Write the records out again. Match them exactly.

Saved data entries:
▼

lemma prob_ruin_within:
  "prob {\<omega> \<in> space M. \<exists>n\<le>N. wealth x (\<lambda>k. \<xi> k \<omega>) n \<le> 0} = ruin_within p N x"
proof -
  have "{\<omega> \<in> space M. \<exists>n\<le>N. wealth x (\<lambda>k. \<xi> k \<omega>) n \<le> 0}
      = {\<omega> \<in> space M. ruins x (first_signs N \<omega>)}"
    by (simp only: first_signs_def ruins_first_signs_iff)
  moreover have "{\<omega> \<in> space M. \<exists>n\<le>N. wealth x (\<lambda>k. \<xi> k \<omega>) n \<le> 0} \<in> sets M"
    by measurable
  ultimately show ?thesis
    by (simp add: prob_first_signs_event ruin_within_eq_sum_paths)
qed

lemma prob_ruin: "prob {\<omega> \<in> space M. \<exists>n. wealth x (\<lambda>k. \<xi> k \<omega>) n \<le> 0} = ruin_prob p x"
proof -
  let ?E = "\<lambda>N. {\<omega> \<in> space M. \<exists>n\<le>N. wealth x (\<lambda>k. \<xi> k \<omega>) n \<le> 0}"
  have "(\<lambda>N. prob (?E N)) \<longlonglongrightarrow> prob (\<Union>N. ?E N)"
    by (intro finite_Lim_measure_incseq incseq_SucI) (auto intro: le_SucI)
  moreover have "(\<Union>N. ?E N) = {\<omega> \<in> space M. \<exists>n. wealth x (\<lambda>k. \<xi> k \<omega>) n \<le> 0}"
    by auto
  ultimately show ?thesis
    using ruin_within_tendsto by (simp add: prob_ruin_within LIMSEQ_unique)
qed

end

theorem theorem1p1:
  fixes M :: "'a measure" and \<xi> :: "nat \<Rightarrow> 'a \<Rightarrow> real" and p x :: real
  assumes "prob_space M"
    and "p > 0" and "p < 1" and "x \<ge> 1"
    and "prob_space.indep_vars M (\<lambda>_. borel) \<xi> {1..}"
    and "\<And>n. n \<ge> 1 \<Longrightarrow> measure M {\<omega> \<in> space M. \<xi> n \<omega> = 1} = p"
    and "\<And>n. n \<ge> 1 \<Longrightarrow> measure M {\<omega> \<in> space M. \<xi> n \<omega> = -1} = 1 - p"
  shows "measure M {\<omega> \<in> space M. \<exists>n. wealth x (\<lambda>k. \<xi> k \<omega>) n \<le> 0} < 1
           \<longleftrightarrow> (x > 2 \<and> p < 1/2)"
proof -
  interpret iid_signs M p \<xi>
    by (rule iid_signs.intro[OF assms(1) coin.intro[OF assms(2,3)]
          iid_signs_axioms.intro[OF assms(5-7)]])
  have "ruin_prob p x = 1" if "\<not> (x > 2 \<and> p < 1 / 2)"
  proof (cases "x \<le> 2")
    case True
    then show ?thesis by (rule ruin_prob_eq_1_if_le_2)
  next
    case False
    with that have "1 / 2 \<le> p" by simp
    then show ?thesis by (rule ruin_prob_eq_1_if_half_le)
  qed
  then have "ruin_prob p x < 1 \<longleftrightarrow> x > 2 \<and> p < 1 / 2"
    using ruin_prob_less_1[of x] by (cases "x > 2 \<and> p < 1 / 2") auto
  then show ?thesis
    by (simp only: prob_ruin)
qed

end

▲

Expected answer:
lemma prob_ruin_within:
  "prob {\<omega> \<in> space M. \<exists>n\<le>N. wealth x (\<lambda>k. \<xi> k \<omega>) n \<le> 0} = ruin_within p N x"
proof -
  have "{\<omega> \<in> space M. \<exists>n\<le>N. wealth x (\<lambda>k. \<xi> k \<omega>) n \<le> 0}
      = {\<omega> \<in> space M. ruins x (first_signs N \<omega>)}"
    by (simp only: first_signs_def ruins_first_signs_iff)
  moreover have "{\<omega> \<in> space M. \<exists>n\<le>N. wealth x (\<lambda>k. \<xi> k \<omega>) n \<le> 0} \<in> sets M"
    by measurable
  ultimately show ?thesis
    by (simp add: prob_first_signs_event ruin_within_eq_sum_paths)
qed

lemma prob_ruin: "prob {\<omega> \<in> space M. \<exists>n. wealth x (\<lambda>k. \<xi> k \<omega>) n \<le> 0} = ruin_prob p x"
proof -
  let ?E = "\<lambda>N. {\<omega> \<in> space M. \<exists>n\<le>N. wealth x (\<lambda>k. \<xi> k \<omega>) n \<le> 0}"
  have "(\<lambda>N. prob (?E N)) \<longlonglongrightarrow> prob (\<Union>N. ?E N)"
    by (intro finite_Lim_measure_incseq incseq_SucI) (auto intro: le_SucI)
  moreover have "(\<Union>N. ?E N) = {\<omega> \<in> space M. \<exists>n. wealth x (\<lambda>k. \<xi> k \<omega>) n \<le> 0}"
    by auto
  ultimately show ?thesis
    using ruin_within_tendsto by (simp add: prob_ruin_within LIMSEQ_unique)
qed

end

theorem theorem1p1:
  fixes M :: "'a measure" and \<xi> :: "nat \<Rightarrow> 'a \<Rightarrow> real" and p x :: real
  assumes "prob_space M"
    and "p > 0" and "p < 1" and "x \<ge> 1"
    and "prob_space.indep_vars M (\<lambda>_. borel) \<xi> {1..}"
    and "\<And>n. n \<ge> 1 \<Longrightarrow> measure M {\<omega> \<in> space M. \<xi> n \<omega> = 1} = p"
    and "\<And>n. n \<ge> 1 \<Longrightarrow> measure M {\<omega> \<in> space M. \<xi> n \<omega> = -1} = 1 - p"
  shows "measure M {\<omega> \<in> space M. \<exists>n. wealth x (\<lambda>k. \<xi> k \<omega>) n \<le> 0} < 1
           \<longleftrightarrow> (x > 2 \<and> p < 1/2)"
proof -
  interpret iid_signs M p \<xi>
    by (rule iid_signs.intro[OF assms(1) coin.intro[OF assms(2,3)]
          iid_signs_axioms.intro[OF assms(5-7)]])
  have "ruin_prob p x = 1" if "\<not> (x > 2 \<and> p < 1 / 2)"
  proof (cases "x \<le> 2")
    case True
    then show ?thesis by (rule ruin_prob_eq_1_if_le_2)
  next
    case False
    with that have "1 / 2 \<le> p" by simp
    then show ?thesis by (rule ruin_prob_eq_1_if_half_le)
  qed
  then have "ruin_prob p x < 1 \<longleftrightarrow> x > 2 \<and> p < 1 / 2"
    using ruin_prob_less_1[of x] by (cases "x > 2 \<and> p < 1 / 2") auto
  then show ?thesis
    by (simp only: prob_ruin)
qed

end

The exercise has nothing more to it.